Und heute ist Sophia selbst das Christkind. Eigentlich ein Jahr zu früh, denn Sophia wird erst im nächsten Jahr konfirmiert. Weil ihre Freundin Alina in diesem Jahr das einzige Mädchen unter den Konfirmanden war, haben die beiden gewissermaßen ein Team gebildet. Alina übernimmt heuer die Begleitung des Christkinds und schlüpft im kommenden Jahr selbst in die Rolle und damit unter den Schleier.
Der ist nämlich ein untrügliches Kennzeichen des Christkinds, das häufig auch in „ausgedienten“ Brautkleidern daherkommt. Und wenn es dazu keinen Schleier mehr geben sollte, dann tut es auch eine alte Gardine, die von geschickten Händen in einen Schleier verwandelt wird. Den mit Glöckchen behangenen Stab, den Sophia heute mit sich führt, hat ihre Schwester Elisa vor zwei Jahren gebastelt.
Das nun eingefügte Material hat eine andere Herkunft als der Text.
lemma tail_shift_small:
  assumes "\<delta> > 0"
  obtains T where "T > 0" and "\<And>t. t \<ge> T \<Longrightarrow> tail (t + a) \<le> \<delta> * tail t"
proof -
  have "((\<lambda>t. tail (t + a) / tail t) \<longlongrightarrow> 0) at_top"
    using X_condP by (simp add: condP_def tail_def)
  from order_tendstoD(2)[OF this assms] obtain N where N: "\<And>t. t \<ge> N \<Longrightarrow> tail (t + a) / tail t < \<delta>"
    by (auto simp: eventually_at_top_linorder)
  show ?thesis
  proof (rule that[of "max N 1"])
    fix t assume "t \<ge> max N 1"
    then have "tail (t + a) / tail t < \<delta>" and "tail t > 0" using N tail_pos by auto
    then show "tail (t + a) \<le> \<delta> * tail t" by (simp add: divide_less_eq)
  qed simp
qed

lemma sum_ge_times_tail_le:
  assumes j: "j \<notin> A"
  shows "tail B * prob {x\<in>space M. (\<Sum>i\<in>A. X i x) \<ge> c}
    \<le> prob {x\<in>space M. (\<Sum>i\<in>A. X i x) + X j x > c + B}"
proof -
  have "tail B * prob {x\<in>space M. (\<lambda>(y, w). y \<ge> c) ((\<Sum>i\<in>A. X i x), X j x)}
      \<le> 1 * prob {x\<in>space M. (\<lambda>(y, w). y \<ge> c \<and> w > B) ((\<Sum>i\<in>A. X i x), X j x)}"
  proof (rule indep_coordinates_conditioning_bound[OF X_indep j, where g="\<lambda>f. \<Sum>i\<in>A. f i" and N=borel])
    fix y :: real
    show "tail B * prob {x\<in>space M. (\<lambda>(y, w). y \<ge> c) (y, X j x)}
        \<le> 1 * prob {x\<in>space M. (\<lambda>(y, w). y \<ge> c \<and> w > B) (y, X j x)}"
      by (cases "y \<ge> c") (simp_all add: prob_X_greater prob_space)
  qed (auto simp: tail_def)
  also have "\<dots> \<le> prob {x\<in>space M. (\<Sum>i\<in>A. X i x) + X j x > c + B}"
    by (auto intro!: finite_measure_mono)
  finally show ?thesis by simp
qed

lemma overshoot_one_summand:
  assumes j: "j \<notin> A" and \<delta>: "\<delta> \<ge> 0"
    and shift: "\<And>t. t \<ge> T \<Longrightarrow> tail (t + a) \<le> \<delta> * tail t"
  shows "prob {x\<in>space M. (\<Sum>i\<in>A. X i x) \<le> u - T \<and> X j x > u + a - (\<Sum>i\<in>A. X i x)}
    \<le> \<delta> * prob {x\<in>space M. (\<Sum>i\<in>A. X i x) + X j x > u}"
proof -
  have "1 * prob {x\<in>space M. (\<lambda>(y, w). y \<le> u - T \<and> w > u + a - y) ((\<Sum>i\<in>A. X i x), X j x)}
      \<le> \<delta> * prob {x\<in>space M. (\<lambda>(y, w). y \<le> u - T \<and> w > u - y) ((\<Sum>i\<in>A. X i x), X j x)}"
  proof (rule indep_coordinates_conditioning_bound[OF X_indep j, where g="\<lambda>f. \<Sum>i\<in>A. f i" and N=borel])
    fix y :: real
    show "1 * prob {x\<in>space M. (\<lambda>(y, w). y \<le> u - T \<and> w > u + a - y) (y, X j x)}
        \<le> \<delta> * prob {x\<in>space M. (\<lambda>(y, w). y \<le> u - T \<and> w > u - y) (y, X j x)}"
    proof (cases "y \<le> u - T")
      case True
      have "{x\<in>space M. (\<lambda>(y, w). y \<le> u - T \<and> w > u + a - y) (y, X j x)} = {x\<in>space M. X j x > u - y + a}"
        and "{x\<in>space M. (\<lambda>(y, w). y \<le> u - T \<and> w > u - y) (y, X j x)} = {x\<in>space M. X j x > u - y}"
        using True by auto
      then show ?thesis
        using True shift[of "u - y"] by (simp add: prob_X_greater)
    qed simp
  qed (use \<delta> in auto)
  also have "\<dots> \<le> \<delta> * prob {x\<in>space M. (\<Sum>i\<in>A. X i x) + X j x > u}"
    using \<delta> by (auto intro!: mult_left_mono finite_measure_mono)
  finally show ?thesis by simp
qed

text \<open>Estimate for E4: with the partial sum below u - B, the threshold u - Y - T of X j is at
  least T + a, so lowering it by a costs a factor delta.\<close>

lemma overshoot_two_summands:
  assumes j: "j \<notin> A" and l: "l \<notin> A" "l \<noteq> j" and \<delta>: "\<delta> \<ge> 0"
    and shift: "\<And>t. t \<ge> T \<Longrightarrow> tail (t + a) \<le> \<delta> * tail t"
    and B: "2 * T + a \<le> B"
  shows "prob {x\<in>space M. (\<Sum>i\<in>A. X i x) < u - B
      \<and> X l x > u - (\<Sum>i\<in>A. X i x) - T \<and> X j x > u - (\<Sum>i\<in>A. X i x) - T}
    \<le> \<delta> * prob {x\<in>space M. (\<Sum>i\<in>A. X i x) + X l x + X j x > u}"
proof -
  let ?P = "\<lambda>p. fst (fst p) < u - B \<and> snd (fst p) > u - fst (fst p) - T \<and> snd p > u - fst (fst p) - T"
  let ?Q = "\<lambda>p. fst (fst p) < u - B \<and> snd (fst p) > u - fst (fst p) - T \<and> snd p > u - fst (fst p) - T - a"
  have jA: "j \<notin> insert l A" using j l by simp
  have "1 * prob {x\<in>space M. ?P (((\<Sum>i\<in>A. X i x), X l x), X j x)}
      \<le> \<delta> * prob {x\<in>space M. ?Q (((\<Sum>i\<in>A. X i x), X l x), X j x)}"
  proof (rule indep_coordinates_conditioning_bound[OF X_indep jA,
        where g="\<lambda>f. (\<Sum>i\<in>A. f i, f l)" and N="borel \<Otimes>\<^sub>M borel"])
    fix x assume "x \<in> space M"
    then show "((\<Sum>i\<in>A. X i x), X l x) = (\<lambda>f. (\<Sum>i\<in>A. f i, f l)) (\<lambda>i\<in>insert l A. X i x)"
      using l by simp
  next
    fix v :: "real \<times> real"
    obtain y z where v: "v = (y, z)" by fastforce
    show "1 * prob {x\<in>space M. ?P (v, X j x)} \<le> \<delta> * prob {x\<in>space M. ?Q (v, X j x)}"
    proof (cases "y < u - B \<and> z > u - y - T")
      case True
      then have "u - y - T - a \<ge> T" using B by simp
      then show ?thesis
        using True shift[of "u - y - T - a"] by (simp add: v prob_X_greater)
    qed (auto simp: v)
  qed (use \<delta> in auto)
  also have "\<dots> \<le> \<delta> * prob {x\<in>space M. (\<Sum>i\<in>A. X i x) + X l x + X j x > u}"
    using \<delta> B by (auto intro!: mult_left_mono finite_measure_mono)
  finally show ?thesis by simp
qed

lemma sum_tail_recursion:
  assumes \<delta>: "\<delta> \<ge> 0" and shift: "\<And>t. t \<ge> T \<Longrightarrow> tail (t + a) \<le> \<delta> * tail t"
    and B: "2 * T + a \<le> B" and tail_B: "tail B > 0"
  shows "prob {x\<in>space M. (\<Sum>i<Suc (Suc m). X i x) > u + a}
    \<le> 3 * \<delta> * prob {x\<in>space M. (\<Sum>i<Suc (Suc m). X i x) > u}
      + prob {x\<in>space M. (\<Sum>i<Suc m. X i x) > u} / tail B"
proof -
  define R where "R x = (\<Sum>i<m. X i x)" for x
  have sum_Suc: "(\<Sum>i<Suc m. X i x) = R x + X m x"
    and sum_Suc_Suc: "(\<Sum>i<Suc (Suc m). X i x) = R x + X m x + X (Suc m) x" for x
    by (simp_all add: R_def)
  let ?S2 = "prob {x\<in>space M. R x + X m x + X (Suc m) x > u}"
  let ?S1 = "prob {x\<in>space M. R x + X m x > u}"
  define E1 where "E1 = {x\<in>space M. R x \<ge> u - B}"
  define E2 where "E2 = {x\<in>space M. R x + X (Suc m) x \<le> u - T \<and> X m x > u + a - (R x + X (Suc m) x)}"
  define E3 where "E3 = {x\<in>space M. R x + X m x \<le> u - T \<and> X (Suc m) x > u + a - (R x + X m x)}"
  define E4 where "E4 = {x\<in>space M. R x < u - B \<and> X (Suc m) x > u - R x - T \<and> X m x > u - R x - T}"
  have "tail B * prob E1 \<le> ?S1"
    using sum_ge_times_tail_le[of m "{..<m}" B "u - B"] by (simp add: E1_def R_def)
  then have P1: "prob E1 \<le> ?S1 / tail B"
    using tail_B by (simp add: field_simps)
  have P2: "prob E2 \<le> \<delta> * ?S2"
    using overshoot_one_summand[where j=m and A="insert (Suc m) {..<m}" and T=T and u=u, OF _ \<delta> shift]
    by (simp add: E2_def R_def ac_simps)
  have P3: "prob E3 \<le> \<delta> * ?S2"
    using overshoot_one_summand[where j="Suc m" and A="{..<Suc m}" and T=T and u=u, OF _ \<delta> shift]
    by (simp add: E3_def R_def)
  have P4: "prob E4 \<le> \<delta> * ?S2"
    using overshoot_two_summands[where j=m and A="{..<m}" and l="Suc m" and T=T and B=B and u=u,
      OF _ _ _ \<delta> shift B]
    by (simp add: E4_def R_def ac_simps)
  have events: "E1 \<in> events" "E2 \<in> events" "E3 \<in> events" "E4 \<in> events"
    unfolding E1_def E2_def E3_def E4_def R_def by measurable
  have "prob {x\<in>space M. R x + X m x + X (Suc m) x > u + a} \<le> prob (E1 \<union> E2 \<union> E3 \<union> E4)"
    using events by (intro finite_measure_mono) (auto simp: E1_def E2_def E3_def E4_def)
  also have "\<dots> \<le> prob E1 + prob E2 + prob E3 + prob E4"
    using events measure_Un_le[of "E1 \<union> E2 \<union> E3" M E4] measure_Un_le[of "E1 \<union> E2" M E3]
      measure_Un_le[of E1 M E2] by auto
  finally show ?thesis
    unfolding sum_Suc_Suc sum_Suc using P1 P2 P3 P4 by linarith
qed

end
Auf die eigene Bescherung müssen Sophia und Alina heute und im nächsten Jahr etwas länger warten. 16 Besuche stehen heute Abend in ihrem Terminkalender – Christkinder haben eben ganz schön was zu tun. Die Besuche haben die Eltern der Kinder in den vergangenen Wochen mit dem Christkind oder seiner Mutter vereinbart. Im Kindergarten, beim Metzger und in der Bäckerei hing dazu die Telefonnummer aus, unter der das Christkind eingeladen werden konnte. Die gilt natürlich jetzt nicht mehr. Aber in gut elf Monaten wird das Christkind wieder seine Telefonnummer aushängen und alle Zweifel beiseite räumen – natürlich wird es auch 2016 ein Christkind geben.